• _Dataset entries_
..............................

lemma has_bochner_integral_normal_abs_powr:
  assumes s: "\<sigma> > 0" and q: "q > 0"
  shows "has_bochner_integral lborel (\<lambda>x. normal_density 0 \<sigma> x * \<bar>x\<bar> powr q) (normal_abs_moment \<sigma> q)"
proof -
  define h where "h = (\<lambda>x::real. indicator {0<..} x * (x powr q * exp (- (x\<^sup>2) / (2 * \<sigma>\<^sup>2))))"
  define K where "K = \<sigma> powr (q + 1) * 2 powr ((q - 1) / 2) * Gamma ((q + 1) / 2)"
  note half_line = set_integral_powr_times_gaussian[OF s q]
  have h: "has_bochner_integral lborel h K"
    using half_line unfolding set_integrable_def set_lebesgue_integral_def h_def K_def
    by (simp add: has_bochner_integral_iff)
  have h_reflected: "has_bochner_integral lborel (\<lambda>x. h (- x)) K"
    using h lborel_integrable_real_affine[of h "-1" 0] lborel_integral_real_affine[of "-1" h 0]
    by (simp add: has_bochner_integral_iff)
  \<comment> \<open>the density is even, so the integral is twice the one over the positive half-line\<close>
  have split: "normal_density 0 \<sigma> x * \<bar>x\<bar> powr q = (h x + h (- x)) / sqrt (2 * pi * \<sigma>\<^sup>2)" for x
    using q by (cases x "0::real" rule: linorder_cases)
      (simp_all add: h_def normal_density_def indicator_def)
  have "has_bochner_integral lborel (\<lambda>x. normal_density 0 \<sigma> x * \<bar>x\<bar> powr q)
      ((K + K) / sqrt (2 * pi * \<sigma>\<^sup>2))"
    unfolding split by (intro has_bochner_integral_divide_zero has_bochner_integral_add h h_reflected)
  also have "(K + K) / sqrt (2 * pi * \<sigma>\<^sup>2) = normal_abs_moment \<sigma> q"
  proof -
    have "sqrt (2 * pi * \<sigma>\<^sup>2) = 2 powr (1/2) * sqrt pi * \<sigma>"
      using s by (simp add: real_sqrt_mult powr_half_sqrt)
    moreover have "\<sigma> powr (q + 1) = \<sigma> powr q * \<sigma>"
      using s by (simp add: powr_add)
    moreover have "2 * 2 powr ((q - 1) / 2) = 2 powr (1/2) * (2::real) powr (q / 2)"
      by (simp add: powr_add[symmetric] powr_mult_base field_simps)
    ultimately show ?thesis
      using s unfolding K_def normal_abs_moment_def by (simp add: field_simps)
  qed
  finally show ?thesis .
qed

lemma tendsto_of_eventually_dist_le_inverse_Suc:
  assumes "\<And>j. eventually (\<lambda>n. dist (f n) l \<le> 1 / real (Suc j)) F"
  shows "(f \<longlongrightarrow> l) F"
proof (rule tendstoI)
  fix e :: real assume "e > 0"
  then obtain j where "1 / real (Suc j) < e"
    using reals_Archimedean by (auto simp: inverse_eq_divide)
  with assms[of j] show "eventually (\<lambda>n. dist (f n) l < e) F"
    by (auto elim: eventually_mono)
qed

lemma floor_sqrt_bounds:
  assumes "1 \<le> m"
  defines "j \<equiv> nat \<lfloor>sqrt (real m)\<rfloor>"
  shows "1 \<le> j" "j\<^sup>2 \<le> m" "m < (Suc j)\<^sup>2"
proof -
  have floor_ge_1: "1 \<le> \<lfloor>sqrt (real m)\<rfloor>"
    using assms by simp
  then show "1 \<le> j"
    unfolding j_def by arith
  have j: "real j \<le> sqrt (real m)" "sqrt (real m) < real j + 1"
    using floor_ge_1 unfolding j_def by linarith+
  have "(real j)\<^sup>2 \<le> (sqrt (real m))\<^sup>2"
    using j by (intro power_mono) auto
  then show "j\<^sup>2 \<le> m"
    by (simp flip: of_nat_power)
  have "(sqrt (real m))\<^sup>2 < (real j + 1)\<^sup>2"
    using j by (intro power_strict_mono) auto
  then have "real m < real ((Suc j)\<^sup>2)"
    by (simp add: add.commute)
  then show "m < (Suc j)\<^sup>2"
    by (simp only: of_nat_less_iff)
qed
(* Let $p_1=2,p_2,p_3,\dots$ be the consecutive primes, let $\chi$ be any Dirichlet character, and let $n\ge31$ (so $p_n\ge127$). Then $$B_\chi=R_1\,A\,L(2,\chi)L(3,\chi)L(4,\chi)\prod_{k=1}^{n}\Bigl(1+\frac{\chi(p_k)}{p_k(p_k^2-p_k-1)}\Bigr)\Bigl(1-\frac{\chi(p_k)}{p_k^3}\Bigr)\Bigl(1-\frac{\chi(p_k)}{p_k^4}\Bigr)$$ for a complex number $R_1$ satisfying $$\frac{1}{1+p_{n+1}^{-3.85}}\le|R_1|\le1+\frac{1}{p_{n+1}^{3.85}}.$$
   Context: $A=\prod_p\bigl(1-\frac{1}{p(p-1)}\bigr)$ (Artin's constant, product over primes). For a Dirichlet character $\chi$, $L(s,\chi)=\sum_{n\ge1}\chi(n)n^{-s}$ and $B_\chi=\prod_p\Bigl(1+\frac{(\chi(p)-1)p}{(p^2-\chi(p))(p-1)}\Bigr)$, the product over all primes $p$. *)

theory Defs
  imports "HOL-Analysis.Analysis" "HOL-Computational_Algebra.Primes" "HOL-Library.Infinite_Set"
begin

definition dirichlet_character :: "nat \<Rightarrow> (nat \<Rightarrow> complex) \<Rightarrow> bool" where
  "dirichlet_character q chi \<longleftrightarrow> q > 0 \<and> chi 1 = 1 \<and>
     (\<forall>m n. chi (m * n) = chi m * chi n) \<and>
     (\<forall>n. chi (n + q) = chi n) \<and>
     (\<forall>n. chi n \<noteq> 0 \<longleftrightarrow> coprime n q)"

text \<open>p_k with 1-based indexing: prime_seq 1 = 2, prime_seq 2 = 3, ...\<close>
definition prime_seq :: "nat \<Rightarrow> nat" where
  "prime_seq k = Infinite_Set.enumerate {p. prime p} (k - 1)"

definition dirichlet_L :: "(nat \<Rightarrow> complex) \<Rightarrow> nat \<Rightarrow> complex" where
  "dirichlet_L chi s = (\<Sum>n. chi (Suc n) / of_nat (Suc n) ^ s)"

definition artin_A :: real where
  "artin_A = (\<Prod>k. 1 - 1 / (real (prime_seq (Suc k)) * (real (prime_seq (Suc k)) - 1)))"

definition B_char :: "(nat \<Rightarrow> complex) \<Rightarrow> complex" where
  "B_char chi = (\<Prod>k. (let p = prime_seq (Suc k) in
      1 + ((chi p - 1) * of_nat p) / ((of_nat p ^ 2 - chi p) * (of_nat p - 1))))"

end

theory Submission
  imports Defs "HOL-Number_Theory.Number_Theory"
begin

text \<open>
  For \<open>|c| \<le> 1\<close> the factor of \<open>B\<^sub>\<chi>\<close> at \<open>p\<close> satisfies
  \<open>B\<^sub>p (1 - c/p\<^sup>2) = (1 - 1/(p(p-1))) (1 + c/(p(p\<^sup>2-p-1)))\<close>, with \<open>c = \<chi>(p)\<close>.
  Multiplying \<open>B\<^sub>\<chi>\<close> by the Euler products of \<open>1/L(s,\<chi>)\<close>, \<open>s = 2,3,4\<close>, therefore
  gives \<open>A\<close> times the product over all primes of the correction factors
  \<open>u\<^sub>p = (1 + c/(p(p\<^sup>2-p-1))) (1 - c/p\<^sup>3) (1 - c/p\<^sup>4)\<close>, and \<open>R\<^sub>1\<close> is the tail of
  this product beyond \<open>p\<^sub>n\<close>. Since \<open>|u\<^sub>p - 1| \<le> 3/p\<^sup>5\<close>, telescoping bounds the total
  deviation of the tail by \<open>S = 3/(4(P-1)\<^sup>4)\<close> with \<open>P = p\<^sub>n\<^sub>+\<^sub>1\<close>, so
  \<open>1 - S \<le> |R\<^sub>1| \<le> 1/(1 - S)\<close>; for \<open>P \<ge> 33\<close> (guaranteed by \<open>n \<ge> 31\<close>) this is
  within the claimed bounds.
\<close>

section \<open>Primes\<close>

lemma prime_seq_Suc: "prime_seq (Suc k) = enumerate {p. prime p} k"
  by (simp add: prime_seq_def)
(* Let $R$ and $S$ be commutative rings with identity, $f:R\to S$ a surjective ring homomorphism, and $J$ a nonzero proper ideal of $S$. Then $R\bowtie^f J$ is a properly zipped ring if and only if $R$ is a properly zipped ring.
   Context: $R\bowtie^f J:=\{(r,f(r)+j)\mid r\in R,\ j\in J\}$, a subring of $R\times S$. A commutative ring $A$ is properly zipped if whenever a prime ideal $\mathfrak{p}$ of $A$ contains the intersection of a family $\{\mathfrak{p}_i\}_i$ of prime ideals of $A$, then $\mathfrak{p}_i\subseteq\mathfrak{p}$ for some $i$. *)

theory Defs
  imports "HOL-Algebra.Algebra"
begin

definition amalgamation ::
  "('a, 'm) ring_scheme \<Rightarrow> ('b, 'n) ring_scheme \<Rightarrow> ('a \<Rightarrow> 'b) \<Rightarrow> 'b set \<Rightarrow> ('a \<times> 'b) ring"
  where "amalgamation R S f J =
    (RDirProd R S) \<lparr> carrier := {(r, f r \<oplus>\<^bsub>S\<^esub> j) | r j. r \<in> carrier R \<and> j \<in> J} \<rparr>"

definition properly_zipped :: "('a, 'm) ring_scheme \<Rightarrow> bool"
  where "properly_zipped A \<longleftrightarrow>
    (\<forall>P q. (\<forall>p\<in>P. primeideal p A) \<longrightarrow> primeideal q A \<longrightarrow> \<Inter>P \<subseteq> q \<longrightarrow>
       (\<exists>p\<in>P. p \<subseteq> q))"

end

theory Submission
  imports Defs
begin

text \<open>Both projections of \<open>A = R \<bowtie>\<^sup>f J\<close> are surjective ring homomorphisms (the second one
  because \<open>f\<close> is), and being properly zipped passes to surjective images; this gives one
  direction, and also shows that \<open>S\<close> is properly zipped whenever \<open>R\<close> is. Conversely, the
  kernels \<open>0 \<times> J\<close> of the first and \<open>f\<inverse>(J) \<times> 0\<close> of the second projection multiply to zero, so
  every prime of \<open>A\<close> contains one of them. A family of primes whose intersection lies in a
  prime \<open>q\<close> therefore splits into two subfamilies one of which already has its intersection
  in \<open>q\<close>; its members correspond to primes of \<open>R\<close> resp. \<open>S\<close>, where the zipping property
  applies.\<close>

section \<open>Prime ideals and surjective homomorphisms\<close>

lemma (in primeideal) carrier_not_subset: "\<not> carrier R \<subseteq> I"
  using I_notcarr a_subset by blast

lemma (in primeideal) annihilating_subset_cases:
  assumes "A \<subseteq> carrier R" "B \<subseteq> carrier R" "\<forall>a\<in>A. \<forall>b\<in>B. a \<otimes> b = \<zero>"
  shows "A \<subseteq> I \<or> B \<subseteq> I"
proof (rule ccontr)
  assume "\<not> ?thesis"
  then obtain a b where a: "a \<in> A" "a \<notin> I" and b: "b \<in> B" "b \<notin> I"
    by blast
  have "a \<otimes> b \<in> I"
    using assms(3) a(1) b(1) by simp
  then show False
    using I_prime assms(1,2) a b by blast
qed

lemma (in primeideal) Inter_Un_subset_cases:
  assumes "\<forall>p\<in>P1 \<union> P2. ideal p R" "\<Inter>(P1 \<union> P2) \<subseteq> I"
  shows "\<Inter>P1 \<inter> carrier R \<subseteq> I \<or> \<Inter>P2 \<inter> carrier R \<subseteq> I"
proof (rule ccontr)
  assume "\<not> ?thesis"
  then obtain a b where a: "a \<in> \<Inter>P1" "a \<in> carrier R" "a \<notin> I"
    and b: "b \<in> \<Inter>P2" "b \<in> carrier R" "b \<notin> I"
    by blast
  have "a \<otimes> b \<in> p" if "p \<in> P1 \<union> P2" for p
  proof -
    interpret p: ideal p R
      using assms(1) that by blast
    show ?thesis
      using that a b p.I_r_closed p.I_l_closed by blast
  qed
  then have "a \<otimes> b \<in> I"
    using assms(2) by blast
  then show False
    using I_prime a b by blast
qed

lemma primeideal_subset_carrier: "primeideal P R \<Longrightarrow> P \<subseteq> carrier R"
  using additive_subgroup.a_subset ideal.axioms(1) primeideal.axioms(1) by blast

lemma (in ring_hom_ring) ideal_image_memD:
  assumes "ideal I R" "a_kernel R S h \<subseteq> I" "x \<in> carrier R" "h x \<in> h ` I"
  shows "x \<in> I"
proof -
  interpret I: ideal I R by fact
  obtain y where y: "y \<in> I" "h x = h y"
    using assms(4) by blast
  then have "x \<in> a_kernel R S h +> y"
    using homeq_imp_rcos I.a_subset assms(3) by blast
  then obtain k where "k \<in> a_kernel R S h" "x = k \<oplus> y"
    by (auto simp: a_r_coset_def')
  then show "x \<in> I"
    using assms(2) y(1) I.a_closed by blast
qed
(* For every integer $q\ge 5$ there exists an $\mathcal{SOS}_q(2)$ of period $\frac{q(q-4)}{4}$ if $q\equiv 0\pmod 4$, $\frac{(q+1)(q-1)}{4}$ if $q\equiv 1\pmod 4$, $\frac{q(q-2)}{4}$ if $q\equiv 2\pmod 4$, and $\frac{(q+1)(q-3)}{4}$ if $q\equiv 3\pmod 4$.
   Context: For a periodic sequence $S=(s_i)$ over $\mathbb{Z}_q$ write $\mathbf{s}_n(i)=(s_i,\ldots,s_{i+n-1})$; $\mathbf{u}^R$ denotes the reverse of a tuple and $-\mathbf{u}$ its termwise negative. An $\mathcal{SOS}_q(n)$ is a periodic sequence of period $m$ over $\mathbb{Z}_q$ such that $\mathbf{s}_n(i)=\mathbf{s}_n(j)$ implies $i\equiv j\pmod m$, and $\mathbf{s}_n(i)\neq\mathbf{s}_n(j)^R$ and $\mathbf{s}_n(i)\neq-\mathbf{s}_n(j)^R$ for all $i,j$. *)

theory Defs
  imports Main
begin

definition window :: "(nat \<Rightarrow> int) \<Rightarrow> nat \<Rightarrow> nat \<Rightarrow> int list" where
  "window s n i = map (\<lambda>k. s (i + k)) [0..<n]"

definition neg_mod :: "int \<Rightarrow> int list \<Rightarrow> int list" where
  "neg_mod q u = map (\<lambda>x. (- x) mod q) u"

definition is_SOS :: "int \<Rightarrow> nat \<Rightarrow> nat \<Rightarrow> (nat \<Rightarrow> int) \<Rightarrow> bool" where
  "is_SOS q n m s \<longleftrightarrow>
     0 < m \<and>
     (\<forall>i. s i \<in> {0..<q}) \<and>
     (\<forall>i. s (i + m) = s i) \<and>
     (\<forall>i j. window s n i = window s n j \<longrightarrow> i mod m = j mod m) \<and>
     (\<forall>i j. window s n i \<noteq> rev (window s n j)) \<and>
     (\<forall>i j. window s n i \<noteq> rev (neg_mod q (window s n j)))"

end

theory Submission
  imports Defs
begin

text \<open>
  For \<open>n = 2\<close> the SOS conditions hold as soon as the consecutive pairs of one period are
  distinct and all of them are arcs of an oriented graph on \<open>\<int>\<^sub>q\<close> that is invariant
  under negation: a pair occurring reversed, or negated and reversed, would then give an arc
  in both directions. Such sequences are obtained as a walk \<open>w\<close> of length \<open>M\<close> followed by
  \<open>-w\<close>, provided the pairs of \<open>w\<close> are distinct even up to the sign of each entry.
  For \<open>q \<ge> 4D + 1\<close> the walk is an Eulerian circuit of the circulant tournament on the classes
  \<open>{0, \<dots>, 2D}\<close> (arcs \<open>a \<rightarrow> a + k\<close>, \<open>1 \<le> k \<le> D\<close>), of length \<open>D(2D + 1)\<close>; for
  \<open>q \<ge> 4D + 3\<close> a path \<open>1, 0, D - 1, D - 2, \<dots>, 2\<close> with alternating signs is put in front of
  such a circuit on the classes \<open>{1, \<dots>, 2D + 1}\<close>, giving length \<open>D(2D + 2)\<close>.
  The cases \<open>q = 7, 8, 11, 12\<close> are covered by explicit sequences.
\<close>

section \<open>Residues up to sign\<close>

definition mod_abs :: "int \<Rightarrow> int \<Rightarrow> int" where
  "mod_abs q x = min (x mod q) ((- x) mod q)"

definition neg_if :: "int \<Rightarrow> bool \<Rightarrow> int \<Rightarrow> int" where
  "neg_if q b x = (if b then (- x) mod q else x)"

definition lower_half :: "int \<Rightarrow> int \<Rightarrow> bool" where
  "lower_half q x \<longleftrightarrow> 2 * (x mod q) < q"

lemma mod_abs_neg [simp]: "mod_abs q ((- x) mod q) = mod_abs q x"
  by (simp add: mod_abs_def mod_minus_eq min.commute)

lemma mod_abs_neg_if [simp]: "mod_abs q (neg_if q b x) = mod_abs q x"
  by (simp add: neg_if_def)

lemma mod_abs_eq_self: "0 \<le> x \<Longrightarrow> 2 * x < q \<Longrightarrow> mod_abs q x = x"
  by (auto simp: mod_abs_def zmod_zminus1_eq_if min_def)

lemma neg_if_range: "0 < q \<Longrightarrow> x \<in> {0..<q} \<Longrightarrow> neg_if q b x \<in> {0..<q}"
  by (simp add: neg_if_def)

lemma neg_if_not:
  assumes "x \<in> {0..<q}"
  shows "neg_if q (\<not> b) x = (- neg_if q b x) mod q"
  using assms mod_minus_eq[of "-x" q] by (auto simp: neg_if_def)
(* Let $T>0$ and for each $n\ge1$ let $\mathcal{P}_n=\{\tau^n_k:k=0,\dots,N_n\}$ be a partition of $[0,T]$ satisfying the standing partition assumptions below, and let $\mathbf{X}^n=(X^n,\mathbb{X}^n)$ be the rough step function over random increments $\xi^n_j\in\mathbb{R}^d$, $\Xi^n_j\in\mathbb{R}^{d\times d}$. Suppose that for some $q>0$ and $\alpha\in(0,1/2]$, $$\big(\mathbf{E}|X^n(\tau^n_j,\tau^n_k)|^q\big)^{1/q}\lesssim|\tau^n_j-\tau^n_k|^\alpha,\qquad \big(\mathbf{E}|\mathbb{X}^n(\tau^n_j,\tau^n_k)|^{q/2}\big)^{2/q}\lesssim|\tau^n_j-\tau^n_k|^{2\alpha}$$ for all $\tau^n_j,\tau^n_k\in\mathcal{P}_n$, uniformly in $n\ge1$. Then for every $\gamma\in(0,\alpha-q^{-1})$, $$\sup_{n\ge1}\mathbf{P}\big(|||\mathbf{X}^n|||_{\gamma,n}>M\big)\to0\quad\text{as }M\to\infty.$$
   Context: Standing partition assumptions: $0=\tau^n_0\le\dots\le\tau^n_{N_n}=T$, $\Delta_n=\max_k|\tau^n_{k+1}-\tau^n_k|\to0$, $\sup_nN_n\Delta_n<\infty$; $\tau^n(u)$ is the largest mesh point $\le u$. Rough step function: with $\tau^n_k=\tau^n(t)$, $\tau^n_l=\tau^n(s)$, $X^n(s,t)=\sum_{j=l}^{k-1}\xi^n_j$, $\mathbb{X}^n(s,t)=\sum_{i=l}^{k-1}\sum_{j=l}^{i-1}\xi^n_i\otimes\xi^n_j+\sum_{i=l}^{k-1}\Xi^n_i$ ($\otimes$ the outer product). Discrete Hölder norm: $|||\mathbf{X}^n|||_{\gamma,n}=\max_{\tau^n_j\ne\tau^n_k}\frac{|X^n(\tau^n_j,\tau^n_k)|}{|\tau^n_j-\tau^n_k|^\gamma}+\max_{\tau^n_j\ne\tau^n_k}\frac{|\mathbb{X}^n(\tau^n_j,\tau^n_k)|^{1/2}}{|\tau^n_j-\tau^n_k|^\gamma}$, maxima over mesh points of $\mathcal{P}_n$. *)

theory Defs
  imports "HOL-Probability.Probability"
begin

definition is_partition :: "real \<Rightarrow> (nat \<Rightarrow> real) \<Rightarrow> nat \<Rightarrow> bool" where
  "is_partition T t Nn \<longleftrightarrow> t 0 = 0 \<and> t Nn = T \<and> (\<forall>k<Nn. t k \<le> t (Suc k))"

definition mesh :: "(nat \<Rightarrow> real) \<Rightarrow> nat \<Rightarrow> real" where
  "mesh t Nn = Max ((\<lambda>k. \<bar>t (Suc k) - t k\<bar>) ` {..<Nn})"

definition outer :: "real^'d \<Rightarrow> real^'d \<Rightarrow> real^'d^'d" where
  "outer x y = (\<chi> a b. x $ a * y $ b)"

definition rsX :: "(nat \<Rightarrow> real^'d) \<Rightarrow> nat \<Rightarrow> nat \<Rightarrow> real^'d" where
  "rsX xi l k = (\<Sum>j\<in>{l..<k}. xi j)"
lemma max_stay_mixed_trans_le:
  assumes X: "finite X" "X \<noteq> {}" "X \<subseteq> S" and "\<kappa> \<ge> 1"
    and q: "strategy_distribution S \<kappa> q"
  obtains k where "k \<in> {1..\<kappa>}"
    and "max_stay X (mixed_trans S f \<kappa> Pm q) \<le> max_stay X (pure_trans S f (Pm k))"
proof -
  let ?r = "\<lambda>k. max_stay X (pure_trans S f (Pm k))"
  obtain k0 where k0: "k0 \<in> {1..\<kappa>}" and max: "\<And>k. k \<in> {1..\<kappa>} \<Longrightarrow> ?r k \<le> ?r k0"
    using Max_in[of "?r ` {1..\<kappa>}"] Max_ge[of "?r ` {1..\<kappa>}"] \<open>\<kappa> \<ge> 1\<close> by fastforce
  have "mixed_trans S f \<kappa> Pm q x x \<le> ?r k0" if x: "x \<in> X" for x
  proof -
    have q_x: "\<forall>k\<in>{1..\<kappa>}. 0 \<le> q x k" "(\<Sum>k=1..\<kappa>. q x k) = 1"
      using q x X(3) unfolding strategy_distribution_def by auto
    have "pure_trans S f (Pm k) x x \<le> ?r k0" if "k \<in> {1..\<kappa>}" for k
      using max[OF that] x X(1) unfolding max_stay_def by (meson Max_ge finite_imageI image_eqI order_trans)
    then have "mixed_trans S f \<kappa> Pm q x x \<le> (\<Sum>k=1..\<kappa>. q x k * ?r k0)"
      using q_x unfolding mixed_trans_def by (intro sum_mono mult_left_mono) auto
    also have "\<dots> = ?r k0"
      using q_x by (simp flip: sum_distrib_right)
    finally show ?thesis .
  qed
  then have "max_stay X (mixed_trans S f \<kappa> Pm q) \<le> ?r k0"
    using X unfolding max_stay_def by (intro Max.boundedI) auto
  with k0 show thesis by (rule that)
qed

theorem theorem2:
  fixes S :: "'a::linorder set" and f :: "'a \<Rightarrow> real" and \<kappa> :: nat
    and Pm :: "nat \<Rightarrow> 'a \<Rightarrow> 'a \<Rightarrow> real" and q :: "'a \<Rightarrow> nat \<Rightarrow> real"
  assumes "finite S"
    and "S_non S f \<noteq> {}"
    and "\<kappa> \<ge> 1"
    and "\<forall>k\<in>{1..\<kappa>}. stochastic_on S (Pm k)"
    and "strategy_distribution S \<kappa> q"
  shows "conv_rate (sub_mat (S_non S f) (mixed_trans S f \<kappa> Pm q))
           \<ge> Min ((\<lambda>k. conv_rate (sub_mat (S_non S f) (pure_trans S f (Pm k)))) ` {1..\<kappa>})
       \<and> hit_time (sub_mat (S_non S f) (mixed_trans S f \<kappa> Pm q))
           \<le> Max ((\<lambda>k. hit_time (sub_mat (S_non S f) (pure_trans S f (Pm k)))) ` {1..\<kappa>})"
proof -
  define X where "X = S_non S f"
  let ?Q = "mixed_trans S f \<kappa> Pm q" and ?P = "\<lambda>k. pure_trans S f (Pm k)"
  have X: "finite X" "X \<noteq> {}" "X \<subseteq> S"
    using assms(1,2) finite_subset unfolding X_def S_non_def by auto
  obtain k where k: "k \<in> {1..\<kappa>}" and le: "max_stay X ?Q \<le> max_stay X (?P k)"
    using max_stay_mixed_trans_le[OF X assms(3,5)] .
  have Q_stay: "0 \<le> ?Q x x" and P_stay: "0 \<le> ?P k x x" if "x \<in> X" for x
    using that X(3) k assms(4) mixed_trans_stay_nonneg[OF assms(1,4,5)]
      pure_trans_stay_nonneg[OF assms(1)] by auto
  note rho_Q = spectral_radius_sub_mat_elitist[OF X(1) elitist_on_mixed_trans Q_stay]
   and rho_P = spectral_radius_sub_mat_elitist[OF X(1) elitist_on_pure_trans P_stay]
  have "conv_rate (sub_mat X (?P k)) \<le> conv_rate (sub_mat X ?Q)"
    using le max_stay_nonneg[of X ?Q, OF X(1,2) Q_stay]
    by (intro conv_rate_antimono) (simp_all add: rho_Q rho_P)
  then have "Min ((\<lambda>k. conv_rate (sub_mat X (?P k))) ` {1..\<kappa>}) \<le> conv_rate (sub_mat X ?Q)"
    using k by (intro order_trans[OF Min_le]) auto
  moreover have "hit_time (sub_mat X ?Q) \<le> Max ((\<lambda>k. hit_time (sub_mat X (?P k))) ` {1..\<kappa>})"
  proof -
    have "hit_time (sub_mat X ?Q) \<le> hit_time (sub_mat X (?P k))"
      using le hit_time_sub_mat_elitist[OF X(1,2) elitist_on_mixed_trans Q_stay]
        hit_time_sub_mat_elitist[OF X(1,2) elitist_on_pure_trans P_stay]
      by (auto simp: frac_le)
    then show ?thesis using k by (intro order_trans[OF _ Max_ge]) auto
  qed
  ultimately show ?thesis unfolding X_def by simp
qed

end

..............................

• _What is needed_
With the first line being the one containing "(* Let $R$ and" and the last line the one containing "using I_notcarr a_subset by blast", transcribe exactly the lines above that fall in that range.

• _Solved problem_
(* Let $R$ and $S$ be commutative rings with identity, $f:R\to S$ a surjective ring homomorphism, and $J$ a nonzero proper ideal of $S$. Then $R\bowtie^f J$ is a properly zipped ring if and only if $R$ is a properly zipped ring.
   Context: $R\bowtie^f J:=\{(r,f(r)+j)\mid r\in R,\ j\in J\}$, a subring of $R\times S$. A commutative ring $A$ is properly zipped if whenever a prime ideal $\mathfrak{p}$ of $A$ contains the intersection of a family $\{\mathfrak{p}_i\}_i$ of prime ideals of $A$, then $\mathfrak{p}_i\subseteq\mathfrak{p}$ for some $i$. *)

theory Defs
  imports "HOL-Algebra.Algebra"
begin

definition amalgamation ::
  "('a, 'm) ring_scheme \<Rightarrow> ('b, 'n) ring_scheme \<Rightarrow> ('a \<Rightarrow> 'b) \<Rightarrow> 'b set \<Rightarrow> ('a \<times> 'b) ring"
  where "amalgamation R S f J =
    (RDirProd R S) \<lparr> carrier := {(r, f r \<oplus>\<^bsub>S\<^esub> j) | r j. r \<in> carrier R \<and> j \<in> J} \<rparr>"

definition properly_zipped :: "('a, 'm) ring_scheme \<Rightarrow> bool"
  where "properly_zipped A \<longleftrightarrow>
    (\<forall>P q. (\<forall>p\<in>P. primeideal p A) \<longrightarrow> primeideal q A \<longrightarrow> \<Inter>P \<subseteq> q \<longrightarrow>
       (\<exists>p\<in>P. p \<subseteq> q))"

end

theory Submission
  imports Defs
begin

text \<open>Both projections of \<open>A = R \<bowtie>\<^sup>f J\<close> are surjective ring homomorphisms (the second one
  because \<open>f\<close> is), and being properly zipped passes to surjective images; this gives one
  direction, and also shows that \<open>S\<close> is properly zipped whenever \<open>R\<close> is. Conversely, the
  kernels \<open>0 \<times> J\<close> of the first and \<open>f\<inverse>(J) \<times> 0\<close> of the second projection multiply to zero, so
  every prime of \<open>A\<close> contains one of them. A family of primes whose intersection lies in a
  prime \<open>q\<close> therefore splits into two subfamilies one of which already has its intersection
  in \<open>q\<close>; its members correspond to primes of \<open>R\<close> resp. \<open>S\<close>, where the zipping property
  applies.\<close>

section \<open>Prime ideals and surjective homomorphisms\<close>

lemma (in primeideal) carrier_not_subset: "\<not> carrier R \<subseteq> I"
  using I_notcarr a_subset by blast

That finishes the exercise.